Condensation energy= 1.10925E-06 Joules

b. The condensation energy is proportional to the square of the magnetic
field, so to

reduce it to 90% would require B=sqrt(.9)*Bc= 0.0501 Tesla

#9. Calculate maximum current for a superconducting lead wire.

Wire of diameter 100 micrometers cooled to 4.2K.

Critical temperature is 7.2K and critical magnetic field at zero K
is 0.08 T.

This requires the use of the expression for the magnetic field of a
long wire,

which is B=mu0*I/(2*pi*r)

First the critical magnetic field at 4.2K must be calculated.
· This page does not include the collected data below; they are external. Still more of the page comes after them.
lemma axiom0: "axiom0 L"
  unfolding axiom0_def Let_def
proof (intro allI impI)
  fix ks :: "nat list" and rs ss
  define n where "n = sum_list ks"
  define cyl_rs where "cyl_rs = map (\<lambda>i. psub L (cyl ks i) n (rs i)) [0..<length ks]"
  define cyl_ss where "cyl_ss = map (\<lambda>i. psub L (cyl ks i) n (ss i)) [0..<length ks]"
  assume car: "\<forall>i<length ks. rs i \<in> pcar L (ks ! i) \<and> ss i \<in> pcar L (ks ! i)"
  then have cyl_closed: "set cyl_rs \<subseteq> pcar L n" "set cyl_ss \<subseteq> pcar L n"
    using pqf_algD(5)[OF alg subst_sym_cyl] unfolding cyl_rs_def cyl_ss_def n_def by auto
  assume "ple L (sum_list ks)
    (pbigmeet L (sum_list ks) (map (\<lambda>i. psub L (cyl ks i) (sum_list ks) (rs i)) [0..<length ks]))
    (pbigjoin L (sum_list ks) (map (\<lambda>i. psub L (cyl ks i) (sum_list ks) (ss i)) [0..<length ks]))"
  then have below: "tuples W n \<inter> \<Inter>(h n ` set cyl_rs) \<subseteq> \<Union>(h n ` set cyl_ss)"
    using cyl_closed ple_iff_subset pbigmeet_closed[OF alg] pbigjoin_closed[OF alg]
    by (simp add: h_pbigmeet h_pbigjoin cyl_rs_def cyl_ss_def n_def)
  show "\<exists>i<length ks. ple L (ks ! i) (rs i) (ss i)"
  proof (rule ccontr)
    assume "\<not> ?thesis"
    then have "\<forall>i<length ks. \<exists>x. x \<in> h (ks ! i) (rs i) - h (ks ! i) (ss i)"
      using car by (auto simp: ple_iff_subset)
    then obtain x where x: "\<And>i. i < length ks \<Longrightarrow> x i \<in> h (ks ! i) (rs i) - h (ks ! i) (ss i)"
      unfolding choice_iff' by blast
    then obtain y where y: "y \<in> tuples W n"
      and cyl: "\<And>i. i < length ks \<Longrightarrow> tuple_subst (cyl ks i) y = x i"
      using tuple_cyl_concat[of ks x W] h_subset car unfolding n_def by blast
    have h_cyl: "y \<in> h n (psub L (cyl ks i) n (f i)) \<longleftrightarrow> x i \<in> h (ks ! i) (f i)"
      if "i < length ks" "f i \<in> pcar L (ks ! i)" for i f
      using y cyl[OF that(1)] subst_sym_cyl[OF that(1)] that(2) by (simp add: n_def)
    have "y \<in> tuples W n \<inter> \<Inter>(h n ` set cyl_rs)"
      using y h_cyl x car by (auto simp: cyl_rs_def)
    then obtain i where "i < length ks" "y \<in> h n (psub L (cyl ks i) n (ss i))"
      using below by (auto simp: cyl_ss_def)
    then show False using h_cyl x car by blast
  qed
qed

lemma axiom1: "axiom1 L"
  unfolding axiom1_def
proof (intro allI ballI)
  fix n x y z assume x: "x \<in> pcar L n" and y: "y \<in> pcar L n" and z: "z \<in> pcar L n"
  note closed = x y z pqf_algD[OF alg]
  show "pjoin L n x y = pjoin L n y x \<and> pmeet L n x y = pmeet L n y x \<and>
      pjoin L n (pjoin L n x y) z = pjoin L n x (pjoin L n y z) \<and>
      pmeet L n (pmeet L n x y) z = pmeet L n x (pmeet L n y z) \<and>
      pjoin L n x (pmeet L n x y) = x \<and> pmeet L n x (pjoin L n x y) = x \<and>
      pmeet L n x (pjoin L n y z) = pjoin L n (pmeet L n x y) (pmeet L n x z) \<and>
      pjoin L n x (pzero L n) = x \<and> pmeet L n x (pone L n) = x"
    by (intro conjI; rule eq_if_h_eq[of n]) (use h_subset[OF x] in \<open>auto simp: closed\<close>)
qed

lemma axiom2: "axiom2 L"
  unfolding axiom2_def
proof (intro allI impI conjI ballI)
  fix a k assume a: "subst_sym a k"
  note closed = a pqf_algD[OF alg]
  show "psub L a k (pzero L (length a)) = pzero L k"
    by (rule eq_if_h_eq[of k]) (simp_all add: closed)
  show "psub L a k (pone L (length a)) = pone L k"
    using tuple_subst_tuples[OF a] by (intro eq_if_h_eq[of k]) (auto simp: closed)
  fix r s assume "r \<in> pcar L (length a)" "s \<in> pcar L (length a)"
  note closed = closed this
  show "psub L a k (pjoin L (length a) r s) = pjoin L k (psub L a k r) (psub L a k s)"
    and "psub L a k (pmeet L (length a) r s) = pmeet L k (psub L a k r) (psub L a k s)"
    by (rule eq_if_h_eq[of k]; auto simp: closed)+
qed

lemma axiom3: "axiom3 L"
  unfolding axiom3_def
proof (intro allI impI ballI)
  fix a b m r
  assume a: "subst_sym a (length b)" and b: "subst_sym b m" and r: "r \<in> pcar L (length a)"
  then show "psub L (subst_comp b a) m r = psub L b m (psub L a (length b) r)"
    using subst_sym_subst_comp[OF a b] tuple_subst_tuples[OF b]
    by (intro eq_if_h_eq[of m]) (auto simp: pqf_algD[OF alg] tuple_subst_subst_comp)
qed

lemma axiom4: "axiom4 L"
  unfolding axiom4_def
proof (intro allI ballI)
  fix n r assume r: "r \<in> pcar L n"
  then show "psub L (subst_id n) n r = r"
    using h_subset[OF r] subst_sym_id[of n]
    by (intro eq_if_h_eq[of n]) (auto simp: pqf_algD[OF alg] tuple_subst_id tuples_def)
qed

lemma satisfies_axioms: "axiom0 L \<and> axiom1 L \<and> axiom2 L \<and> axiom3 L \<and> axiom4 L"
  using axiom0 axiom1 axiom2 axiom3 axiom4 by blast

end

lemma pqf_alg_hom_image:
  assumes "pqf_alg L" "hom h L S" "\<And>n. pcar S n = h n ` pcar L n"
  shows "pqf_alg S"
  using assms unfolding pqf_alg_def hom_def by (smt (verit) image_iff)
Bc=0.08*(1-(4.2/7.2)^2)= 0.0528 Tesla

Then the critical current is given by I=2*pi*r*Bc/mu0=2*pi*.5E-4m*0.0528/(4*pi*1E-7)

Critical current = 13.194 amperes

#12 Calculate the density of superconducting electrons in tin at zero
kelvin.

The magnetic field penetration depth in tin at 0K is given as 30 nm.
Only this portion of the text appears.